== EXERCISE INSTRUCTIONS ==
Each line below with the string "bool" should be copied.

(Stored data)

--------

(* For every ordinal $\alpha$ there exists a peripherally Hausdorff space $X$ with $\mathrm{rank}_{T_2}(X)=\alpha$.
   Context: For a topological space $X$ and $x\in X$, let $[x]:=\bigcap\{\overline{U}:U \text{ an open neighbourhood of } x\}$. Define $\alpha$-Hausdorff spaces by transfinite recursion: a space is $0$-Hausdorff if it is Hausdorff; for an ordinal $\alpha>0$, a $T_1$ space $X$ is $\alpha$-Hausdorff if for every $x\in X$ the subspace $[x]$ (with topology inherited from $X$) is $\beta_x$-Hausdorff for some ordinal $\beta_x<\alpha$. A space is peripherally Hausdorff if it is $\alpha$-Hausdorff for some ordinal $\alpha$, and then $\mathrm{rank}_{T_2}(X):=\min\{\alpha: X \text{ is } \alpha\text{-Hausdorff}\}$. *)

theory Defs
  imports "HOL-Analysis.Analysis"
begin

definition nbhd_closure_core :: "'b topology \<Rightarrow> 'b \<Rightarrow> 'b set" where
  "nbhd_closure_core X x = \<Inter>{X closure_of U | U. openin X U \<and> x \<in> U}"
lemma price_potential_network:
  assumes "0 \<le> l" and "e \<in> edges (price_network K)"
  defines "N \<equiv> price_network K" and "\<pi> \<equiv> price_potential K l" and "x \<equiv> price_flow K l"
  shows "\<pi> (ehead N e) \<le> \<pi> (etail N e) + edge_cost N l x e"
    and "0 < x e \<Longrightarrow> \<pi> (ehead N e) = \<pi> (etail N e) + edge_cost N l x e"
proof -
  let ?d = "level_demand K l"
  have "\<pi> (ehead N e) \<le> \<pi> (etail N e) + edge_cost N l x e \<and>
      (0 < x e \<longrightarrow> \<pi> (ehead N e) = \<pi> (etail N e) + edge_cost N l x e)"
  proof -
    consider "e \<in> level_edges K" | "e = src_link K" | "e = snk_bypass K"
      using assms(2) by (auto simp: N_def)
    then show ?thesis
    proof cases
      case 1
      then have "\<pi> (edge_head e) \<le> \<pi> (edge_tail e) + edge_slope e * x e + edge_offset e \<and>
          (0 < x e \<longrightarrow> \<pi> (edge_head e) = \<pi> (edge_tail e) + edge_slope e * x e + edge_offset e)"
        using tight_price_potential_level_edges[OF assms(1), of K]
        unfolding tight_potential_def \<pi>_def x_def by blast
      then show ?thesis using 1 by (simp add: N_def edge_cost_price_network add.assoc)
    next
      case 2
      then show ?thesis
        by (simp add: N_def \<pi>_def x_def edge_cost_price_network price_potential_def price_flow_def)
    next
      case 3
      have "l < total_demand K \<Longrightarrow> 2 * ?d + level_cost K ?d = total_demand K - l"
        using cost_curve.priced_demand(2)[OF level_cost_curve] by (simp add: level_demand_def)
      moreover have "total_demand K \<le> l \<Longrightarrow> ?d = 0"
        using cost_curve.priced_demand_eq_0[OF level_cost_curve] by (simp add: level_demand_def)
      ultimately show ?thesis
        using 3 by (auto simp: N_def \<pi>_def x_def edge_cost_price_network price_potential_def
            price_flow_def Let_def)
    qed
  qed
  then show "\<pi> (ehead N e) \<le> \<pi> (etail N e) + edge_cost N l x e"
    "0 < x e \<Longrightarrow> \<pi> (ehead N e) = \<pi> (etail N e) + edge_cost N l x e" by simp_all
qed

lemma wardrop_eq_price_flow:
  assumes "0 \<le> l"
  shows "wardrop_eq (price_network K) l (price_flow K l)"
proof (rule wardrop_eq_if_tight_potential[OF valid_price_network _ price_paths_st_paths])
  show "finite (price_paths K)" by (simp add: price_paths_def finite_level_paths)
  show "sum (price_path_flow K l) (price_paths K) = dem (price_network K)"
    by (simp add: sum_price_path_flow)
  show "\<forall>p. p \<notin> price_paths K \<longrightarrow> price_path_flow K l p = 0" "\<forall>p. 0 \<le> price_path_flow K l p"
    "\<forall>e. price_flow K l e = (\<Sum>p\<in>price_paths K. if e \<in> set p then price_path_flow K l p else 0)"
    using price_path_flow_support price_path_flow_nonneg[OF assms] price_flow_eq_sum_paths by simp_all
  show "\<forall>e\<in>edges (price_network K). price_potential K l (ehead (price_network K) e)
      \<le> price_potential K l (etail (price_network K) e) + edge_cost (price_network K) l (price_flow K l) e"
    "\<forall>e\<in>edges (price_network K). 0 < price_flow K l e \<longrightarrow>
      price_potential K l (ehead (price_network K) e)
      = price_potential K l (etail (price_network K) e) + edge_cost (price_network K) l (price_flow K l) e"
    using price_potential_network[OF assms] by simp_all
qed

lemma breakpoint_price_flow:
  assumes "0 < d" "2 * d + level_cost K d < total_demand K"
    and not_affine: "\<not> affine_near (level_edges K) (level_flow K) d"
  shows "breakpoint (price_network K) (price_flow K) (total_demand K - 2 * d - level_cost K d)"
proof -
  interpret cost_curve "level_cost K" by (rule level_cost_curve)
  let ?Dt = "total_demand K"
  let ?l = "?Dt - 2 * d - level_cost K d"
  have l: "0 < ?l" "level_demand K ?l = d"
    using priced_demand_inverse[OF assms(1,2)] by (simp_all add: level_demand_def)
  have "?l < ?Dt" using assms(1) nonneg[of d] by simp
  define \<eta> where "\<eta> = min ?l (?Dt - ?l)"
  have "0 < \<eta>" using l(1) \<open>?l < ?Dt\<close> by (simp add: \<eta>_def)
  have "inj_on (level_demand K) {l. \<bar>l - ?l\<bar> < \<eta>}"
    unfolding level_demand_def
    by (rule inj_on_subset[OF inj_on_priced_demand]) (auto simp: \<eta>_def abs_less_iff)
  have "\<not> affine_near (edges (price_network K)) (price_flow K) ?l"
  proof
    assume "affine_near (edges (price_network K)) (price_flow K) ?l"
    then have "affine_near (level_edges K) (level_flow K) (level_demand K ?l)"
    proof (rule affine_near_reparam[where F = "{src_link K}" and w = "\<lambda>_. 1"])
      show "\<forall>l. \<bar>l - ?l\<bar> < \<eta> \<longrightarrow> level_demand K l = (\<Sum>e\<in>{src_link K}. 1 * price_flow K l e)"
        by (simp add: price_flow_def)
    qed (use \<open>0 < \<eta>\<close> \<open>inj_on (level_demand K) _\<close> in \<open>auto simp: price_flow_level_edges\<close>)
    then show False using not_affine l(2) by simp
  qed
  then show ?thesis using l(1) by (simp add: breakpoint_iff_not_affine_near)
qed
(* Let $a,b$ be positive integers with $\gcd(a,b)=1$. For all $\pi\in\mathcal{D}_{b,-a}(a,b)$, $$\mathrm{word}(\mathrm{G}_{b,a}(\pi))=\mathrm{sw}^+_{b,-a}\circ\mathrm{rev}(\mathrm{word}(\pi)).$$
   Context: Partitions are drawn in English convention in the first quadrant; a partition with at most $a$ parts, each at most $b$, has as frontier a lattice path from $(0,0)$ to $(b,a)$ with unit north (N) and east (E) steps, its diagram consisting of the unit squares above and to the left of the path; $\mathrm{word}(\lambda)\in\{\mathrm{N},\mathrm{E}\}^*$ is the word of this path. $\mathrm{rev}$ reverses a word. The $(b,-a)$-level of a lattice point $(x,y)$ is $by-ax$; a unit square $[x,x+1]\times[y,y+1]$ (any integers $x,y$) has the level of its southeast corner $(x+1,y)$. $\mathcal{D}_{b,-a}(a,b)$ is the set of partitions fitting in the $a\times b$ rectangle whose frontier path visits only lattice points of nonnegative level. The map $\mathrm{G}_{b,a}$: for $\pi\in\mathcal{D}_{b,-a}(a,b)$, its $b$-generators $\beta_1<\beta_2<\cdots<\beta_b$ are the levels of the squares immediately above the $b$ east steps of the frontier path (the square $[x,x+1]\times[y,y+1]$ for an east step from $(x,y)$ to $(x+1,y)$). Let $\Delta^c$ be the finite set of levels of unit squares lying above the line $by=ax$ and below the frontier path of $\pi$. For each $i$ set $g_{b,a}(\beta_i)=|\{\beta_i,\beta_i+1,\ldots,\beta_i+a-1\}\cap\Delta^c|$. Then $\mathrm{G}_{b,a}(\pi)$ is the partition whose $i$-th column has length $g_{b,a}(\beta_i)$ for $1\le i\le b$, regarded as fitting in the $a\times b$ rectangle. For a word $w=w_1\cdots w_n$, set $l_0=0$, $l_i=l_{i-1}+b$ if $w_i=\mathrm{N}$, $l_i=l_{i-1}-a$ if $w_i=\mathrm{E}$. $\mathrm{sw}^+_{b,-a}(w)$ is obtained by: for $k=0,-1,-2,\ldots$ and then $k=\ldots,3,2,1$ (all nonpositive values in decreasing order, then all positive values in decreasing order), scan $w$ from left to right and append each $w_i$ ($i\ge1$) with $l_i=k$. *)

theory Defs
  imports Main
begin

datatype step = N | E

text \<open>A partition fitting in the a x b rectangle is represented by its list of
  column lengths (left to right, padded with zeros to exactly b columns).\<close>
definition is_partition_in_box :: "nat \<Rightarrow> nat \<Rightarrow> nat list \<Rightarrow> bool" where
  "is_partition_in_box a b cs \<longleftrightarrow>
     length cs = b \<and> sorted (rev cs) \<and> (\<forall>c\<in>set cs. c \<le> a)"

text \<open>Frontier word: the path from (0,0) to (b,a); the east step below column i is at
  height a - (i-th column length); the diagram lies above and to the left of the path.\<close>
fun word_aux :: "nat \<Rightarrow> nat \<Rightarrow> nat list \<Rightarrow> step list" where
  "word_aux a h [] = replicate (a - h) N"
| "word_aux a h (c # cs) = replicate ((a - c) - h) N @ [E] @ word_aux a (a - c) cs"

definition word :: "nat \<Rightarrow> nat list \<Rightarrow> step list" where
  "word a cs = word_aux a 0 cs"

definition lvl :: "nat \<Rightarrow> nat \<Rightarrow> int \<Rightarrow> int \<Rightarrow> int" where
  "lvl a b x y = int b * y - int a * x"

definition pt :: "step list \<Rightarrow> nat \<Rightarrow> int \<times> int" where
  "pt w k = (int (count_list (take k w) E), int (count_list (take k w) N))"

definition Dset :: "nat \<Rightarrow> nat \<Rightarrow> nat list set" where
  "Dset a b = {cs. is_partition_in_box a b cs \<and>
     (\<forall>k\<le>length (word a cs). lvl a b (fst (pt (word a cs) k)) (snd (pt (word a cs) k)) \<ge> 0)}"
(* Fix $e\in -\mathrm{int}(C)$ and let $A,B\in\mathcal P^0_{\mp C}(Y)$ be $\mp C$-compact sets. Then $(0,0)<_{\mathbb R^2_+}w_e(A,B)$ if and only if $A\prec^s B$.
   Context: $Y$ is a real topological linear space and $C\subset Y$ is a convex, closed, pointed cone with nonempty interior. $a<_{\mathbb R^2_+}b$ iff $b-a\in\mathrm{int}(\mathbb R^2_+)$. $\mathcal P^0_{\mp C}(Y)$ is the family of nonempty $A\subset Y$ with $A+C\neq Y$ and $A-C\neq Y$. $A$ is $C$-compact if every cover of $A$ by sets $U_\alpha+C$ with $U_\alpha$ open has a finite subcover; $\mp C$-compact means $C$-compact and $-C$-compact. $A\prec^s B$ iff $B\subset A+\mathrm{int}(C)$ and $A\subset B-\mathrm{int}(C)$. For $e\in-\mathrm{int}(C)$: $\phi_{e,A}(y)=\inf\{t\in\mathbb R: y\in te+A+C\}$; $G^\ell_e(A,B)=\sup_{b\in B}\phi_{e,A}(b)$; $G^u_e(B,A):=-G^\ell_e(-B,-A)$; $w_e(A,B)=\big(-G^\ell_e(A,B),\,G^u_e(B,A)\big)$. *)

theory Defs
  imports "HOL-Analysis.Analysis"
begin

text \<open>Real topological linear space: real vector space with a topology making
  addition and negation continuous; joint continuity of scalar multiplication is
  imposed as a hypothesis of the theorem (see scaleR_cont).\<close>
class topological_real_vector = real_vector + topological_ab_group_add

definition scaleR_cont :: "'a::topological_real_vector itself \<Rightarrow> bool" where
  "scaleR_cont _ \<longleftrightarrow> continuous_on UNIV (\<lambda>p :: real \<times> 'a. fst p *\<^sub>R snd p)"

definition msum :: "'a::ab_group_add set \<Rightarrow> 'a set \<Rightarrow> 'a set" where
  "msum A B = {a + b | a b. a \<in> A \<and> b \<in> B}"

definition sneg :: "'a::ab_group_add set \<Rightarrow> 'a set" where
  "sneg A = uminus ` A"

definition pointed :: "'a::real_vector set \<Rightarrow> bool" where
  "pointed C \<longleftrightarrow> C \<inter> sneg C = {0}"

definition proper_cone :: "'a::topological_real_vector set \<Rightarrow> bool" where
  "proper_cone C \<longleftrightarrow> cone C \<and> convex C \<and> closed C \<and> pointed C \<and> interior C \<noteq> {}"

--------

== YOUR SOLUTION ==
definition is_partition_in_box :: "nat \<Rightarrow> nat \<Rightarrow> nat list \<Rightarrow> bool" where
definition scaleR_cont :: "'a::topological_real_vector itself \<Rightarrow> bool" where
definition pointed :: "'a::real_vector set \<Rightarrow> bool" where
definition proper_cone :: "'a::topological_real_vector set \<Rightarrow> bool" where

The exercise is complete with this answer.